Task brief:
Set out exactly every line of the entries below, starting at the line that holds "theory Defs" and stopping after the line that holds "indexed by l".

Records for this exercise:
= Beginning of Section =
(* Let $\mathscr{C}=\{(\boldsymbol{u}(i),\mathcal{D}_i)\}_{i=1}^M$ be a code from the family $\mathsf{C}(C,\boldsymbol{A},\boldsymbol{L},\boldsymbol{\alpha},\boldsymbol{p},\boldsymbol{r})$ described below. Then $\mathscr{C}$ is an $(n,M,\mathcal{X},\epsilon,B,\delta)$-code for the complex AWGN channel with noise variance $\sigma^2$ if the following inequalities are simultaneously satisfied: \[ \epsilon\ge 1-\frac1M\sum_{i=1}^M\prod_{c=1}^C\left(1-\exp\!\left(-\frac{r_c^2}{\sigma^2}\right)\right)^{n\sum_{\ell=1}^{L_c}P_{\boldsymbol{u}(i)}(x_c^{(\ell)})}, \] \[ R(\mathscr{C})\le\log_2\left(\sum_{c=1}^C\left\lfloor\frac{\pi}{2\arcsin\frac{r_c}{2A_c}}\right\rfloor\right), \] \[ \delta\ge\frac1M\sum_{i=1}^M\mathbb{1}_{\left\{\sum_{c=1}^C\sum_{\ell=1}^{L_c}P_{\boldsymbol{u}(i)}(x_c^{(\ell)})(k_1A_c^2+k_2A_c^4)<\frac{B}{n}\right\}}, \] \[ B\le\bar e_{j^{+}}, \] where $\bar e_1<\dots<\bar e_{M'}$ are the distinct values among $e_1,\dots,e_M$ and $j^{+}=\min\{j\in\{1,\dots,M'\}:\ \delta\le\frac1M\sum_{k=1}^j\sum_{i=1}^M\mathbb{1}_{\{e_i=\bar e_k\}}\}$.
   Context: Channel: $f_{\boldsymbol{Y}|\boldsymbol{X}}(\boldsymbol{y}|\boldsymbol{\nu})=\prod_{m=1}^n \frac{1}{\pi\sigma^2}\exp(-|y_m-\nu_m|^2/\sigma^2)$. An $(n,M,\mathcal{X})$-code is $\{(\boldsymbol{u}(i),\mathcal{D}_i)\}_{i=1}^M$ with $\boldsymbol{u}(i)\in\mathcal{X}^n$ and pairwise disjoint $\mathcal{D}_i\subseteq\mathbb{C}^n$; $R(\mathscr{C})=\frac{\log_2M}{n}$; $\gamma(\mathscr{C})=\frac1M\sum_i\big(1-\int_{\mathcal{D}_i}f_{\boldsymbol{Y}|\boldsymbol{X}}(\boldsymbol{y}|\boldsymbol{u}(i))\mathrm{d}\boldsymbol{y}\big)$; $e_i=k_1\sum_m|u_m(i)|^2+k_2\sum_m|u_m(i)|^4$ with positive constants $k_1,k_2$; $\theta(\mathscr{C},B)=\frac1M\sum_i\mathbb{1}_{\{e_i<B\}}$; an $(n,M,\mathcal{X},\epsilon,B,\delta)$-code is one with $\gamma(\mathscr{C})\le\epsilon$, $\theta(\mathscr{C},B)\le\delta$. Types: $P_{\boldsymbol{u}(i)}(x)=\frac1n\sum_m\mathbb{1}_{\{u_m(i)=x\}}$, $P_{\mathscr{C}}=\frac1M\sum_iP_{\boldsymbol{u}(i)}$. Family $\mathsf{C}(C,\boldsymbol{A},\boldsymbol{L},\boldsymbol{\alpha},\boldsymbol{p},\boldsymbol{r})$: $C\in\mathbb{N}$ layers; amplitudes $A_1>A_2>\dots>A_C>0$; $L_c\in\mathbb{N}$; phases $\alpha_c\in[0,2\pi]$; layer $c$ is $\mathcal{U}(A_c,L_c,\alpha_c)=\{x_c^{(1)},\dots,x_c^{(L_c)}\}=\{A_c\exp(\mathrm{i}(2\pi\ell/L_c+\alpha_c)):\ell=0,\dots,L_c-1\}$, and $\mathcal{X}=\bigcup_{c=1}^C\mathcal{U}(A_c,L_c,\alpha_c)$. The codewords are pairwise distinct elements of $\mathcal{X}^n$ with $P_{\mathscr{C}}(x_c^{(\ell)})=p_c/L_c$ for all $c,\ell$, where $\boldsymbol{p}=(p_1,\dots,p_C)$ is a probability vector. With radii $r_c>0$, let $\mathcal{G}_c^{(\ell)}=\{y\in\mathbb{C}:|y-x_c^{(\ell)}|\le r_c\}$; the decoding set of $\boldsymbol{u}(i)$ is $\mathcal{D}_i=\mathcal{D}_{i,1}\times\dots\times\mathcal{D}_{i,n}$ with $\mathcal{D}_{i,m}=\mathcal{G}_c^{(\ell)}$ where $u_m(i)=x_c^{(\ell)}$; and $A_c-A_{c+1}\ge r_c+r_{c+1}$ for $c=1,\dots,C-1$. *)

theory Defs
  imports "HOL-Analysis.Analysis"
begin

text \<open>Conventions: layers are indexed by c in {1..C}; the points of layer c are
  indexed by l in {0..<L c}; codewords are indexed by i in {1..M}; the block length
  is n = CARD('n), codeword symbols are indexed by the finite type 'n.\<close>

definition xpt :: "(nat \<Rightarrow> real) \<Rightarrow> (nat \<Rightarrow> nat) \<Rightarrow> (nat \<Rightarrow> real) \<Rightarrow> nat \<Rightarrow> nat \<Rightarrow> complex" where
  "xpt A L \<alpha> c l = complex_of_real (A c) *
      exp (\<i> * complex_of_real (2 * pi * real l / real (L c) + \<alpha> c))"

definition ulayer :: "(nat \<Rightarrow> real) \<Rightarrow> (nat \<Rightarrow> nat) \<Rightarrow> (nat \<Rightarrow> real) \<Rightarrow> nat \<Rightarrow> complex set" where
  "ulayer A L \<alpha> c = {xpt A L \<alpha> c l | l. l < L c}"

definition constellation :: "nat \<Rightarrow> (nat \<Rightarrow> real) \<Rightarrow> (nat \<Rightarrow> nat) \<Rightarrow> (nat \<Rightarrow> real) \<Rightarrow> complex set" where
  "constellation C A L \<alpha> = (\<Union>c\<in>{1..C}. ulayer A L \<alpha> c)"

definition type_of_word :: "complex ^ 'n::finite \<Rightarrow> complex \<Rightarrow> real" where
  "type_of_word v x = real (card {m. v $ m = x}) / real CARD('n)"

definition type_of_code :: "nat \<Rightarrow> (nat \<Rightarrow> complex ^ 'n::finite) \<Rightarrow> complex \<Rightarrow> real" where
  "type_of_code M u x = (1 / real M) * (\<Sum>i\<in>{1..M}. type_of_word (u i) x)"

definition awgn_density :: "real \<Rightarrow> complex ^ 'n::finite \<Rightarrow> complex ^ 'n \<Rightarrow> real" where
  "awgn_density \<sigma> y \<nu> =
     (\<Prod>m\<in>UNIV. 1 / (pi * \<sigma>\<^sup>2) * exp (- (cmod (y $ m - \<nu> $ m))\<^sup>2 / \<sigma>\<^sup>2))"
= End of Section =
Expected answer:
theory Defs
  imports "HOL-Analysis.Analysis"
begin

text \<open>Conventions: layers are indexed by c in {1..C}; the points of layer c are
  indexed by l in {0..<L c}; codewords are indexed by i in {1..M}; the block length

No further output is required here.